05/2/19 / by Jesse Griffith

day 2

I awoke with self doubt.

I am plagued and riddled by this thought pattern. It can take all the effort I have just to get by. It isn’t always sustained, it comes back from time to time, sometimes out of nowhere. I drove to work second guessing everything, letting that doubt overtake and conquer the morning. The Iceman, Wim Hof whose breathing technique I am introducing to my daily routine said "Don't think about it, just do it."

As soon as I reached the hill overlooking Cheverie, the Bay and the Salt Marshes I was overcome with joy. I let everything drop away and allow the beauty to swallow me. I couldn't have been more excited to just pick up the guitar and see what it had to offer today. The first guitar lesson I had in about 10 years was over skype with the great Derek Gripper last year. Known for his adaptations of Toumani Diabate's incredible kora playing, he suggested I don't try to "practice" at all. Instead, see what the instrument has to offer that day, that moment, unburdened by what I played like the day, the week, the year or the decade before. What an inspiring tactic.

As the sun gains her springtime strength almost by the minute, I let the bird songs take flight. The wind was a whisper today. Not the growl of yesterday. I felt like my music today would be the connecting tissue between these quiet gusts and the birdsongs. Giving over to the unknown and simply allowing it all to unfold the way it was meant. At some points I followed the flight, other times I was leading things onward.
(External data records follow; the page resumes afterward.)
(* Let $y = \lambda_7^2\lambda_5\lambda_{14} + \lambda_7^2\lambda_9\lambda_{10} + \lambda_7\lambda_{11}\lambda_9\lambda_6 \in \Lambda_4$ and let $x \in H_{33}(B(\mathbb{Z}/2)^4)$ be the sum of the 62 monomials $a_4^{(t_4)}a_3^{(t_3)}a_2^{(t_2)}a_1^{(t_1)}$ with $(t_4,t_3,t_2,t_1)$ ranging over (14,5,7,7), (14,3,9,7), (14,3,5,11), (14,3,3,13), (13,6,7,7), (13,3,10,7), (13,3,6,11), (13,3,3,14), (11,6,9,7), (11,6,5,11), (11,6,3,13), (11,5,10,7), (11,5,6,11), (11,5,3,14), (10,9,7,7), (10,7,9,7), (10,7,5,11), (10,7,3,13), (10,5,11,7), (10,3,13,7), (9,10,7,7), (9,7,10,7), (9,7,6,11), (9,7,3,14), (9,6,11,7), (9,3,14,7), (7,10,9,7), (7,10,5,11), (7,10,3,13), (7,9,10,7), (7,9,6,11), (7,9,3,14), (7,6,13,7), (7,5,14,7), (6,13,7,7), (6,11,9,7), (6,11,5,11), (6,11,3,13), (6,9,7,11), (6,7,7,13), (6,5,11,11), (6,3,13,11), (5,14,7,7), (5,11,10,7), (5,11,6,11), (5,11,3,14), (5,10,7,11), (5,7,7,14), (5,6,11,11), (5,3,14,11), (3,14,9,7), (3,14,5,11), (3,14,3,13), (3,13,10,7), (3,13,6,11), (3,13,3,14), (3,10,7,13), (3,9,7,14), (3,6,11,13), (3,5,11,14), (3,3,14,13), (3,3,13,14). Then $x \in P_{\mathcal{A}}H_{33}(B(\mathbb{Z}/2)^4)$ and $\varphi_4(x) = y$ in $\Lambda_4$. Consequently $x$ is an explicit preimage under the Singer transfer $\varphi_4$ of the indecomposable class $p_0 \in \mathrm{Ext}_{\mathcal{A}}^{4,37}(\mathbb{Z}/2,\mathbb{Z}/2)$, represented by $y$; in particular $p_0$ lies in the image of $\varphi_4$.
   Context: The Lambda algebra $\Lambda$ is the differential algebra over $\mathbb{Z}/2$ generated by $\lambda_t$, $t\ge 0$, subject to the Adem relations $\lambda_a\lambda_b = \sum_j\binom{j-b-1}{2j-a}\lambda_{a+b-j}\lambda_j$ for $a>2b$, with differential the derivation given by $\delta(\lambda_m) = \sum_{t\ge 0}\binom{m-1-t}{t+1}\lambda_{m-1-t}\lambda_t$; $\Lambda_k$ is the span of length-$k$ monomials, and its cohomology computes $\mathrm{Ext}_{\mathcal{A}}^{k,*}(\mathbb{Z}/2,\mathbb{Z}/2)$ ($\mathcal{A}$ the mod 2 Steenrod algebra). The element $y$ is a cocycle representing $p_0$. $H_*(B(\mathbb{Z}/2)^k)=\Gamma[a_k,\dots,a_1]$ is the divided power algebra with basis $a_k^{(t_k)}\cdots a_1^{(t_1)}$ of degree $\sum t_i$; dual Steenrod squares act on the right by $(a^{(t)})Sq_*^j = \binom{t-j}{j}a^{(t-j)}$ and the Cartan formula; $P_{\mathcal{A}}H_*$ consists of $x$ with $(x)Sq_*^{2^t} = 0$ for all $t\ge0$. The transfer $\varphi_k : H_*(B(\mathbb{Z}/2)^k)\to\Lambda_k$ is defined by $\varphi_1(a_1^{(t)})=\lambda_t$ and $\varphi_k(a_k^{(t_k)}\cdots a_1^{(t_1)}) = \sum_{i\ge t_1}\lambda_i\,\varphi_{k-1}((a_k^{(t_k)}\cdots a_2^{(t_2)})Sq_*^{i-t_1})$, with $a_k,\dots,a_2$ renamed $a_{k-1},\dots,a_1$ in the argument of $\varphi_{k-1}$. A class $[y]$ is in the image of $\varphi_k$ if $[y]=[\varphi_k(x)]$ for some $x\in P_{\mathcal{A}}H_*(B(\mathbb{Z}/2)^k)$. *)

theory Defs
  imports Main "HOL-Library.Z2"
begin

text \<open>Vectors over Z/2 with basis indexed by 'a are functions 'a \<Rightarrow> bit
  (coefficient functions; all vectors considered have finite support).\<close>

definition supp :: "('a \<Rightarrow> bit) \<Rightarrow> 'a set" where
  "supp x = {w. x w \<noteq> 0}"

definition lin :: "('a \<Rightarrow> 'b \<Rightarrow> bit) \<Rightarrow> ('a \<Rightarrow> bit) \<Rightarrow> 'b \<Rightarrow> bit" where
  "lin f x = (\<lambda>v. \<Sum>w\<in>supp x. x w * f w v)"

definition basis_vec :: "'a \<Rightarrow> 'a \<Rightarrow> bit" where
  "basis_vec w = (\<lambda>v. if v = w then 1 else 0)"

text \<open>Divided power algebra H_*(B(Z/2)^k) = Gamma[a_k,...,a_1].
  The basis monomial a_k^(t_k) ... a_1^(t_1) is encoded by the list [t_1, t_2, ..., t_k]
  (note: reversed order, so that a_1 comes first).
  Dual Steenrod square Sq_*^j on a basis monomial, via
  (a^(t)) Sq_*^i = binom(t-i, i) a^(t-i) and the Cartan formula.\<close>
fun sqm :: "nat \<Rightarrow> nat list \<Rightarrow> nat list \<Rightarrow> bit" where
  "sqm j [] = (\<lambda>v. if v = [] \<and> j = 0 then 1 else 0)"
| "sqm j (t # ts) = (\<lambda>v. case v of
       [] \<Rightarrow> 0
     | s # vs \<Rightarrow> (if s \<le> t \<and> t - s \<le> j
                  then of_nat (s choose (t - s)) * sqm (j - (t - s)) ts vs
                  else 0))"

definition Sq_dual :: "nat \<Rightarrow> (nat list \<Rightarrow> bit) \<Rightarrow> nat list \<Rightarrow> bit" where
  "Sq_dual j x = lin (sqm j) x"

definition is_A_primitive :: "(nat list \<Rightarrow> bit) \<Rightarrow> bool" where
  "is_A_primitive x \<longleftrightarrow> (\<forall>t. Sq_dual (2 ^ t) x = (\<lambda>_. 0))"

definition homogeneous_H :: "nat \<Rightarrow> nat \<Rightarrow> (nat list \<Rightarrow> bit) \<Rightarrow> bool" where
  "homogeneous_H k d x \<longleftrightarrow> finite (supp x) \<and>
     (\<forall>ts\<in>supp x. length ts = k \<and> sum_list ts = d)"

text \<open>Elements of the free (tensor) algebra over Z/2 on lambda_0, lambda_1, ...:
  the word [i_1,...,i_k] stands for lambda_{i_1} ... lambda_{i_k}.

  Singer transfer phi_k on basis monomials (list [t_1,...,t_k]):
  phi_k(a_k^(t_k)...a_1^(t_1)) = sum_{i >= t_1} lambda_i phi_{k-1}((a_k^(t_k)...a_2^(t_2)) Sq_*^{i-t_1}).\<close>
primrec phi :: "nat \<Rightarrow> nat list \<Rightarrow> nat list \<Rightarrow> bit" where
  "phi 0 ts = (\<lambda>w. if w = [] \<and> ts = [] then 1 else 0)"
| "phi (Suc k) ts = (case ts of
       [] \<Rightarrow> (\<lambda>w. 0)
     | t # us \<Rightarrow> (\<lambda>w. case w of
          [] \<Rightarrow> 0
        | i # w' \<Rightarrow> (if t \<le> i then lin (phi k) (sqm (i - t) us) w' else 0)))"

definition phi_lin :: "nat \<Rightarrow> (nat list \<Rightarrow> bit) \<Rightarrow> nat list \<Rightarrow> bit" where
  "phi_lin k x = lin (phi k) x"

text \<open>Adem relation element lambda_a lambda_b + sum_j binom(j-b-1, 2j-a) lambda_{a+b-j} lambda_j
  (for a > 2b; the summation range is exactly where the binomial can be nonzero).\<close>
definition adem_rel :: "nat \<Rightarrow> nat \<Rightarrow> nat list \<Rightarrow> bit" where
  "adem_rel a b = (\<lambda>w. basis_vec [a, b] w +
     (\<Sum>j\<in>{j. a \<le> 2 * j \<and> j + b + 1 \<le> a}.
         of_nat ((j - b - 1) choose (2 * j - a)) * basis_vec [a + b - j, j] w))"

text \<open>u * r * v for words u, v and an element r of the free algebra.\<close>
definition sandwich :: "nat list \<Rightarrow> (nat list \<Rightarrow> bit) \<Rightarrow> nat list \<Rightarrow> nat list \<Rightarrow> bit" where
  "sandwich u r v = (\<lambda>w. if length u + length v \<le> length w \<and> take (length u) w = u
        \<and> drop (length w - length v) w = v
     then r (drop (length u) (take (length w - length v) w)) else 0)"

text \<open>Two-sided ideal of the free algebra generated by the Adem relations
  (over Z/2 it is the span of all u * R * v).\<close>
inductive_set adem_ideal :: "(nat list \<Rightarrow> bit) set" where
  zero: "(\<lambda>_. 0) \<in> adem_ideal"
| step: "r \<in> adem_ideal \<Longrightarrow> 2 * b < a \<Longrightarrow>
           (\<lambda>w. r w + sandwich u (adem_rel a b) v w) \<in> adem_ideal"

definition lambda_eq :: "(nat list \<Rightarrow> bit) \<Rightarrow> (nat list \<Rightarrow> bit) \<Rightarrow> bool" where
  "lambda_eq p q \<longleftrightarrow> (\<lambda>w. p w - q w) \<in> adem_ideal"

definition vec_of_list :: "'a list \<Rightarrow> 'a \<Rightarrow> bit" where
  "vec_of_list ws = (\<lambda>w. \<Sum>u\<leftarrow>ws. basis_vec u w)"

end

(* The transfer satisfies phi_{k+1}(x) = sum_i lambda_i phi_k(c_i(x)), where c_i(x) is obtained
   from x by stripping a_1^(t_1) and applying Sq_*^(i - t_1) to the rest (c_i = 0 if i < t_1).
   For the given x every c_i(x) cancels mod 2 except c_7(x), a sum of 24 monomials in three
   variables whose image under phi_3 is
     lambda_7 lambda_5 lambda_14 + lambda_7 lambda_9 lambda_10 + lambda_11 lambda_9 lambda_6.
   Hence phi_4(x) = y already in the free algebra, without using any Adem relation.  Likewise
   Sq_*^(2^t) x cancels for 2^t <= 32 and vanishes for degree reasons beyond.  All of this is a
   finite computation on lists of monomials, each list standing for the sum of its entries mod 2. *)

theory Submission
  imports Defs "HOL-Library.List_Lexorder"
begin

(* Keep sums and products in bit as ring operations instead of xor and and. *)
declare add_bit_eq_xor [simp del] mult_bit_eq_and [simp del]

lemma bit_add_self [simp]: "(a::bit) + a = 0"
  by (cases a) simp_all

lemma of_nat_bit: "(of_nat n :: bit) = of_bool (odd n)"
  by (induction n) auto

lemma vec_of_list_count: "vec_of_list xs w = of_nat (count_list xs w)"
  by (induction xs) (simp_all add: vec_of_list_def basis_vec_def)

lemma supp_vec_of_list: "supp (vec_of_list xs) \<subseteq> set xs"
  by (auto simp: supp_def vec_of_list_count intro: ccontr)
Transfixed on a circular pattern this afternoon I sat motionless other than my fingertips on the strings. As a child I learned If I leaned the guitar's headstock onto a wall, wooden table or chair, anything that resonates, it can amplify the instrument in profound ways. If I put my ear directly on the side of that object, a world opens up. I lose where I am, and don’t care where I’ve been and am solely focused on the spacious and intimate sounds these notes and rests create. Stepping heart and foot into the Camera Obscura engulfs me in similar ways. I grew up doing this to not disturb the other five members of my household growing up. More enormous than I and smaller than a speck of sand these vibrations pass through and into and out of. I stumbled upon this world early on, and tried to keep it guarded and sacred. This guarding does not serve my purpose anymore. It had to take my 34 years of life to learn this. There is hope knowing this world of using guitar as transfer of sound energy always exists. The vibrations can still enter the bloodstream and affect our molecules, altering the DNA of our makeup. An inside perspective, where’d I’d always be an outsider.

With the discovery of the Wandarian mode, it hearkens back to those early childhood struggles, but a way of also breaking free from the old constraints (creating new ones in doing so). Out of the many profound lessons I had while studying the guitar in university, the juxtaposition of giving yourself specific parameters has the ability to open up into the infinite. For instance, playing a scale using only a single string, or improvising a solo over any jazz standard within five frets using one string. These limitations lead to a myriad of articulations and nuances often not investigated or taught in the status quo of guitar vernacular, leading to discoveries and explorations in all directions.

The creative process is messy. It takes many twists and wrong turns to find truth. Hopefully the connective threads are interesting, musical as one navigates through. The important part is to keep seeking.